Published Feb 25, 2005
day in the life
this article appeared in the may 2002 issue of nursing times and is reprinted here with the permission of [color=#9933cc]nursing times.
jerry at ground zero 9/12/01
jerry lucas is a nurse in the emergency room at floyd county trauma centre, new albany, indiana, usa. on september 11 last year he drove for 12 hours across several state lines because he felt compelled to lend a helping hand at ground zero in new york.
i work the night shift from 7pm to 7am. in the usa this is when most of the 'wild life' comes out. i try to get in about 30 minutes early. at work i cover five emergency rooms: one for orthopaedics, an eye room and three trauma rooms. ambulances arrive in a seemingly never-ending stream.
in the orthopaedic room there are two people who have been involved in car accidents. both complain of pain throughout their bodies.
after an assessment, which reveals no obvious fractures, i insert large-bore intravenous lines to maintain fluid balance and provide pain relief.
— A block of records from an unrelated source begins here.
(* Let $m\ge2$ and $n\ge m$. For every $\epsilon$ with $0<\epsilon\le 1/2$, there is no proportional mechanism $(A,p)$ for the job scheduling problem over the set $\mathcal{C}$ of general instances with $m$ machines and $n$ jobs such that $A$ gives a $(3/2-\epsilon)$-approximation to the optimal makespan.
   Context: Notation: $[k]=\{1,\dots,k\}$. There are $m$ machines $[m]$ and $n$ jobs $[n]$. An instance is a matrix $c\in\mathbb{R}_{\ge0}^{m\times n}$; for $S\subseteq[n]$, $c_i(S)=\sum_{j\in S}c_{i,j}$. The set of general instances is $\mathcal{C}=\mathbb{R}_{\ge0}^{m\times n}$. An allocation is a tuple $(X_1,\dots,X_m)$ of pairwise disjoint subsets of $[n]$ whose union is $[n]$. A mechanism $(A,p)$ over a set of instances $\mathcal{I}$ assigns to each $c\in\mathcal{I}$ an allocation $A(c)$ and payments $p(c)\in\mathbb{R}^m$ (written $A_i,p_i$). The mechanism is proportional if for every $c\in\mathcal{I}$ and $i\in[m]$: $c_i(A_i)-p_i\le \frac1m\sum_{j\in[m]}(c_i(A_j)-p_j)$. $\mathrm{OPT}(c)=\min_X\max_{i\in[m]}c_i(X_i)$ over all allocations $X$. An allocation function $A$ gives a $\beta$-approximation to the optimal makespan if $\max_{i}c_i(A(c)_i)\le\beta\,\mathrm{OPT}(c)$ for all $c\in\mathcal{I}$. *)

theory Defs
  imports Complex_Main
begin

text \<open>An instance is a cost matrix
  c :: nat => nat => real, c i j = cost of job j on machine i.
  The set C of general instances: nonnegative entries on [m]x[n]; entries outside
  the index range are fixed to 0 so that instances correspond one-to-one to matrices.\<close>

definition instances :: "nat \<Rightarrow> nat \<Rightarrow> (nat \<Rightarrow> nat \<Rightarrow> real) set" where
  "instances m n = {c. (\<forall>i<m. \<forall>j<n. 0 \<le> c i j) \<and>
                       (\<forall>i j. (i \<ge> m \<or> j \<ge> n) \<longrightarrow> c i j = 0)}"

definition cost :: "(nat \<Rightarrow> nat \<Rightarrow> real) \<Rightarrow> nat \<Rightarrow> nat set \<Rightarrow> real" where
  "cost c i S = (\<Sum>j\<in>S. c i j)"

definition is_allocation :: "nat \<Rightarrow> nat \<Rightarrow> (nat \<Rightarrow> nat set) \<Rightarrow> bool" where
  "is_allocation m n X \<longleftrightarrow>
     (\<forall>i<m. \<forall>k<m. i \<noteq> k \<longrightarrow> X i \<inter> X k = {}) \<and> (\<Union>i<m. X i) = {0..<n}"

definition makespan :: "nat \<Rightarrow> (nat \<Rightarrow> nat \<Rightarrow> real) \<Rightarrow> (nat \<Rightarrow> nat set) \<Rightarrow> real" where
  "makespan m c X = Max ((\<lambda>i. cost c i (X i)) ` {0..<m})"

definition OPT :: "nat \<Rightarrow> nat \<Rightarrow> (nat \<Rightarrow> nat \<Rightarrow> real) \<Rightarrow> real" where
  "OPT m n c = Inf {makespan m c X | X. is_allocation m n X}"

text \<open>A mechanism (A,p) over the instance set I: A c is an allocation, p c i the payment
  of machine i. Proportionality: c_i(A_i) - p_i <= (1/m) * sum_j (c_i(A_j) - p_j).\<close>
definition proportional ::
  "nat \<Rightarrow> (nat \<Rightarrow> nat \<Rightarrow> real) set \<Rightarrow> ((nat \<Rightarrow> nat \<Rightarrow> real) \<Rightarrow> nat \<Rightarrow> nat set)
     \<Rightarrow> ((nat \<Rightarrow> nat \<Rightarrow> real) \<Rightarrow> nat \<Rightarrow> real) \<Rightarrow> bool" where
  "proportional m I A p \<longleftrightarrow>
     (\<forall>c\<in>I. \<forall>i<m. cost c i (A c i) - p c i
        \<le> (1 / real m) * (\<Sum>j<m. cost c i (A c j) - p c j))"

definition approx :: "nat \<Rightarrow> nat \<Rightarrow> (nat \<Rightarrow> nat \<Rightarrow> real) set \<Rightarrow>
     ((nat \<Rightarrow> nat \<Rightarrow> real) \<Rightarrow> nat \<Rightarrow> nat set) \<Rightarrow> real \<Rightarrow> bool" where
  "approx m n I A \<beta> \<longleftrightarrow> (\<forall>c\<in>I. makespan m c (A c) \<le> \<beta> * OPT m n c)"

end

theory Submission
  imports Defs
begin

text \<open>Take b slightly below 3/2 and the instance in which machine i costs 1 for job i,
  while for every pair of distinct machines i, j < m one of the costs c i j, c j i is b and the
  other b - 1; all remaining jobs cost nothing. The allocation giving every machine its own
  job has makespan 1, and every other allocation puts a job of cost at least b on some
  machine, so a (3/2 - \<epsilon>)-approximation must choose the diagonal allocation, in which the
  machines' total cost is m. Summing the proportionality inequalities over all machines,
  the payments cancel and the total cost is at most (1/m) \<Sum>i. c i [n]. Since every pair of
  off-diagonal entries sums to 2b - 1 < 2, this is less than m: a contradiction.\<close>

lemma instances_nonneg: "c \<in> instances m n \<Longrightarrow> 0 \<le> c i j"
  unfolding instances_def by (cases "i < m \<and> j < n") auto

lemma cost_nonneg: "(\<And>l. 0 \<le> c i l) \<Longrightarrow> 0 \<le> cost c i S"
  unfolding cost_def by (simp add: sum_nonneg)

lemma member_le_cost:
  assumes "\<And>l. 0 \<le> c i l" "finite S" "p \<in> S"
  shows "c i p \<le> cost c i S"
  unfolding cost_def using assms by (intro member_le_sum) auto

lemma two_members_le_cost:
  assumes "\<And>l. 0 \<le> c i l" "finite S" "p \<in> S" "q \<in> S" "p \<noteq> q"
  shows "c i p + c i q \<le> cost c i S"
proof -
  have "c i p + c i q = sum (c i) {p, q}" using assms by simp
  also have "\<dots> \<le> sum (c i) S" using assms by (intro sum_mono2) auto
  finally show ?thesis unfolding cost_def .
qed

lemma is_allocation_finite:
  assumes "is_allocation m n X" "k < m"
  shows "finite (X k)"
proof -
  have "X k \<subseteq> {0..<n}" using assms unfolding is_allocation_def by blast
  then show ?thesis using finite_subset by blast
qed

lemma is_allocation_covers:
  assumes "is_allocation m n X" "j < n"
  obtains k where "k < m" "j \<in> X k"
  using assms unfolding is_allocation_def by (metis UN_E atLeastLessThan_iff lessThan_iff zero_le)

lemma sum_cost_allocation:
  assumes "is_allocation m n X"
  shows "(\<Sum>k<m. cost c i (X k)) = (\<Sum>l<n. c i l)"
proof -
  have "(\<Sum>k<m. cost c i (X k)) = sum (c i) (\<Union>(X ` {..<m}))"
    unfolding cost_def using assms is_allocation_finite[OF assms]
    by (subst sum.UNION_disjoint) (auto simp: is_allocation_def)
  also have "\<Union>(X ` {..<m}) = {..<n}"
    using assms unfolding is_allocation_def by auto
  finally show ?thesis .
qed

lemma proportional_total_cost_le:
  assumes "m > 0" "is_allocation m n X"
    and "\<forall>i<m. cost c i (X i) - p i \<le> (1 / real m) * (\<Sum>k<m. cost c i (X k) - p k)"
  shows "(\<Sum>i<m. cost c i (X i)) \<le> (1 / real m) * (\<Sum>i<m. \<Sum>l<n. c i l)"
proof -
  define P where "P = (\<Sum>k<m. p k)"
  have "(\<Sum>i<m. cost c i (X i)) - P
      \<le> (\<Sum>i<m. (1 / real m) * (\<Sum>k<m. cost c i (X k) - p k))"
    using assms(3) unfolding P_def sum_subtractf[symmetric] by (intro sum_mono) auto
  also have "\<dots> = (\<Sum>i<m. (1 / real m) * ((\<Sum>l<n. c i l) - P))"
    using sum_cost_allocation[OF assms(2)] by (simp add: sum_subtractf P_def)
  also have "\<dots> = (1 / real m) * (\<Sum>i<m. \<Sum>l<n. c i l) - P"
    using assms(1) by (simp add: sum_subtractf sum_divide_distrib right_diff_distrib)
  finally show ?thesis by simp
qed

lemma cost_le_makespan: "k < m \<Longrightarrow> cost c k (X k) \<le> makespan m c X"
  unfolding makespan_def by (intro Max_ge) auto

lemma OPT_le_makespan:
  assumes "c \<in> instances m n" "m > 0" "is_allocation m n X"
  shows "OPT m n c \<le> makespan m c X"
  unfolding OPT_def
proof (rule cInf_lower)
  show "makespan m c X \<in> {makespan m c X |X. is_allocation m n X}" using assms(3) by blast
  show "bdd_below {makespan m c X |X. is_allocation m n X}"
  proof (rule bdd_belowI[of _ 0])
    fix x assume "x \<in> {makespan m c X |X. is_allocation m n X}"
    then obtain Y where x: "x = makespan m c Y" by blast
    have "0 \<le> cost c 0 (Y 0)" using instances_nonneg[OF assms(1)] by (rule cost_nonneg)
    also have "\<dots> \<le> x" unfolding x using assms(2) by (rule cost_le_makespan)
    finally show "0 \<le> x" .
  qed
qed

definition diagonal_allocation :: "nat \<Rightarrow> nat \<Rightarrow> nat \<Rightarrow> nat set" where
  "diagonal_allocation m n i = (if i = 0 then insert 0 {m..<n} else {i})"

lemma is_allocation_diagonal:
  assumes "0 < m" "m \<le> n"
  shows "is_allocation m n (diagonal_allocation m n)"
proof -
  have "j \<in> (\<Union>i<m. diagonal_allocation m n i)" if "j < n" for j
    using that assms
    by (cases "j < m") (auto simp: diagonal_allocation_def intro: UN_I[of j] UN_I[of 0])
  then have "(\<Union>i<m. diagonal_allocation m n i) = {0..<n}"
    using assms by (auto simp: diagonal_allocation_def split: if_splits)
  then show ?thesis unfolding is_allocation_def by (auto simp: diagonal_allocation_def)
qed

definition staircase_instance :: "nat \<Rightarrow> real \<Rightarrow> nat \<Rightarrow> nat \<Rightarrow> real" where
  "staircase_instance m b i j =
     (if i < m \<and> j < m
      then (if i = j then 1 else if j = 0 \<or> (0 < i \<and> i < j) then b else b - 1)
      else 0)"

lemma staircase_instance_in_instances:
  "1 \<le> b \<Longrightarrow> m \<le> n \<Longrightarrow> staircase_instance m b \<in> instances m n"
  by (auto simp: instances_def staircase_instance_def)

lemma OPT_staircase_instance_le_1:
  assumes "1 \<le> b" "0 < m" "m \<le> n"
  shows "OPT m n (staircase_instance m b) \<le> 1"
proof -
  let ?c = "staircase_instance m b" and ?X = "diagonal_allocation m n"
  have "cost ?c i (?X i) = 1" if "i < m" for i
  proof -
    have "sum (?c 0) {m..<n} = 0" by (intro sum.neutral) (auto simp: staircase_instance_def)
    then show ?thesis
      using that by (auto simp: cost_def diagonal_allocation_def staircase_instance_def)
  qed
  then have "(\<lambda>i. cost ?c i (?X i)) ` {0..<m} = {1}" using assms(2) by force
  then have "makespan m ?c ?X = 1" unfolding makespan_def by simp
  then show ?thesis
    using OPT_le_makespan[OF staircase_instance_in_instances[OF assms(1,3)] assms(2)
        is_allocation_diagonal[OF assms(2,3)]] by simp
qed

text \<open>Jobs are placed from the highest index down: when job j sits on a machine k \<noteq> j,
  either it costs b there, or k already carries its own job (k = 0 or k > j) and the two
  jobs together cost 1 + (b - 1) = b.\<close>

lemma staircase_low_loads_force_diagonal:
  assumes "is_allocation m n X" "m \<le> n" "1 \<le> b"
    and low: "\<And>k. k < m \<Longrightarrow> cost (staircase_instance m b) k (X k) < b"
  shows "j < m \<Longrightarrow> j \<in> X j"
proof -
  let ?c = "staircase_instance m b"
  have nonneg: "\<And>k l. 0 \<le> ?c k l" using assms(3) by (simp add: staircase_instance_def)
  have own_job_0: "0 \<in> X 0" if m_pos: "0 < m"
  proof -
    obtain k where k: "k < m" "0 \<in> X k"
      by (rule is_allocation_covers[OF assms(1), of 0]) (use m_pos assms(2) in auto)
    have "?c k 0 \<le> cost ?c k (X k)"
      using member_le_cost[of ?c k, OF nonneg[of k] is_allocation_finite[OF assms(1) k(1)] k(2)] .
    then show ?thesis using low[OF k(1)] k by (cases "k = 0") (auto simp: staircase_instance_def)
  qed
  show "j < m \<Longrightarrow> j \<in> X j"
  proof (induction "m - j" arbitrary: j rule: less_induct)
    case less
    obtain k where k: "k < m" "j \<in> X k"
      using is_allocation_covers[OF assms(1), of j] less.prems assms(2) by auto
    have fin: "finite (X k)" using is_allocation_finite[OF assms(1) k(1)] .
    show "j \<in> X j"
    proof (rule ccontr)
      assume "j \<notin> X j"
      then have "k \<noteq> j" "j \<noteq> 0" using k own_job_0 less.prems by (metis gr_zeroI)+
      have "k \<in> X k" if "k = 0 \<or> j < k"
        using that own_job_0 k less.hyps[of k] by auto
      then have "b \<le> cost ?c k (X k)"
        using two_members_le_cost[of ?c k, OF nonneg[of k] fin, of k j]
          member_le_cost[of ?c k, OF nonneg[of k] fin k(2)] \<open>k \<noteq> j\<close> \<open>j \<noteq> 0\<close> k less.prems
        by (cases "k = 0 \<or> j < k") (auto simp: staircase_instance_def)
      then show False using low[OF k(1)] by simp
    qed
  qed
qed

lemma staircase_instance_total_cost_lt:
  assumes "b < 3/2" "2 \<le> m" "m \<le> n"
  shows "(\<Sum>i<m. \<Sum>l<n. staircase_instance m b i l) < real m * real m"
proof -
  let ?c = "staircase_instance m b"
  have pair_le: "?c i l + ?c l i \<le> 2" if "i < m" "l < m" for i l
    using that assms(1) by (auto simp: staircase_instance_def)
  have "(\<Sum>l<n. ?c i l) = (\<Sum>l<m. ?c i l)" for i
    using assms(3) by (intro sum.mono_neutral_right) (auto simp: staircase_instance_def)
  then have "2 * (\<Sum>i<m. \<Sum>l<n. ?c i l) = (\<Sum>i<m. \<Sum>l<m. ?c i l + ?c l i)"
    using sum.swap[of "\<lambda>i l. ?c l i" "{..<m}" "{..<m}"] by (simp add: sum.distrib)
  also have "\<dots> < (\<Sum>i<m. \<Sum>l<m. 2)"
  proof (rule sum_strict_mono_ex1)
    show "\<forall>i\<in>{..<m}. (\<Sum>l<m. ?c i l + ?c l i) \<le> (\<Sum>l<m. 2)"
      using pair_le by (intro ballI sum_mono) auto
    have "?c 0 1 + ?c 1 0 < 2" using assms(1,2) by (simp add: staircase_instance_def)
    then have "(\<Sum>l<m. ?c 0 l + ?c l 0) < (\<Sum>l<m. 2)"
      using pair_le assms(2) by (intro sum_strict_mono_ex1[of "{..<m}"]) auto
    then show "\<exists>i\<in>{..<m}. (\<Sum>l<m. ?c i l + ?c l i) < (\<Sum>l<m. 2)"
      using assms(2) by (intro bexI[of _ 0]) auto
  qed simp
  finally show ?thesis by simp
qed

theorem theorem2:
  fixes m n :: nat and \<epsilon> :: real
  assumes "m \<ge> 2" and "n \<ge> m" and "0 < \<epsilon>" and "\<epsilon> \<le> 1/2"
  shows "\<not> (\<exists>A p. (\<forall>c\<in>instances m n. is_allocation m n (A c)) \<and>
                   proportional m (instances m n) A p \<and>
                   approx m n (instances m n) A (3/2 - \<epsilon>))"
proof
  assume "\<exists>A p. (\<forall>c\<in>instances m n. is_allocation m n (A c)) \<and>
                   proportional m (instances m n) A p \<and>
                   approx m n (instances m n) A (3/2 - \<epsilon>)"
  then obtain A p where alloc: "\<forall>c\<in>instances m n. is_allocation m n (A c)"
    and prop_A: "proportional m (instances m n) A p"
    and apx: "approx m n (instances m n) A (3/2 - \<epsilon>)" by blast
  define b where "b = 3/2 - \<epsilon>/2"
  define c where "c = staircase_instance m b"
  have b: "1 \<le> b" "b < 3/2" and m: "0 < m" using assms by (auto simp: b_def)
  have c: "c \<in> instances m n"
    unfolding c_def using b(1) assms(2) by (rule staircase_instance_in_instances)
  have X: "is_allocation m n (A c)" using alloc c by blast
  have "makespan m c (A c) \<le> (3/2 - \<epsilon>) * OPT m n c" using apx c by (simp add: approx_def)
  also have "\<dots> \<le> 3/2 - \<epsilon>"
    using OPT_staircase_instance_le_1[OF b(1) m assms(2)] assms(4) by (simp add: c_def mult_left_le)
  finally have "cost c k (A c k) < b" if "k < m" for k
    using cost_le_makespan[OF that, of c "A c"] assms(3) by (simp add: b_def)
  then have "\<And>j. j < m \<Longrightarrow> j \<in> A c j"
    using staircase_low_loads_force_diagonal[OF X assms(2) b(1)] by (simp add: c_def)
  then have "(\<Sum>i<m. c i i) \<le> (\<Sum>i<m. cost c i (A c i))"
    using instances_nonneg[OF c] is_allocation_finite[OF X] by (intro sum_mono member_le_cost) auto
  also have "\<dots> \<le> (1 / real m) * (\<Sum>i<m. \<Sum>l<n. c i l)"
    using prop_A c by (intro proportional_total_cost_le[OF m X, where p = "p c"]) (simp add: proportional_def)
  also have "\<dots> < real m"
    using staircase_instance_total_cost_lt[OF b(2) assms(1,2)] m by (simp add: c_def field_simps)
  finally show False by (simp add: c_def staircase_instance_def)
qed

end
the man has intense pain in his left shoulder, which is beginning to redden, and the woman reports severe neck pain. both are waiting for x-rays to be taken.
in room three there is a young child who has had a seizure. i assess the child, insert an intravenous line and ask the technician to connect a heart monitor to her. her heart rate turns out to be normal, but her rectal temperature is 40°c. i call the duty physician, who orders medicine and a fluid bolus. the child is also sent for a computerised axial tomography scan.
this is a fairly normal night for me. the emergency room is not a place for slow people - we see up to 120 patients a night. not all of them are real emergencies - there are a lot of what we call 'cough/cold' clients. we also get people who just want someone to talk to.
a man with an eye injury is in room five. i make an assessment before passing him to the appropriate physician. at each step i work closely with the other nurses and technicians - we take pride in being a team.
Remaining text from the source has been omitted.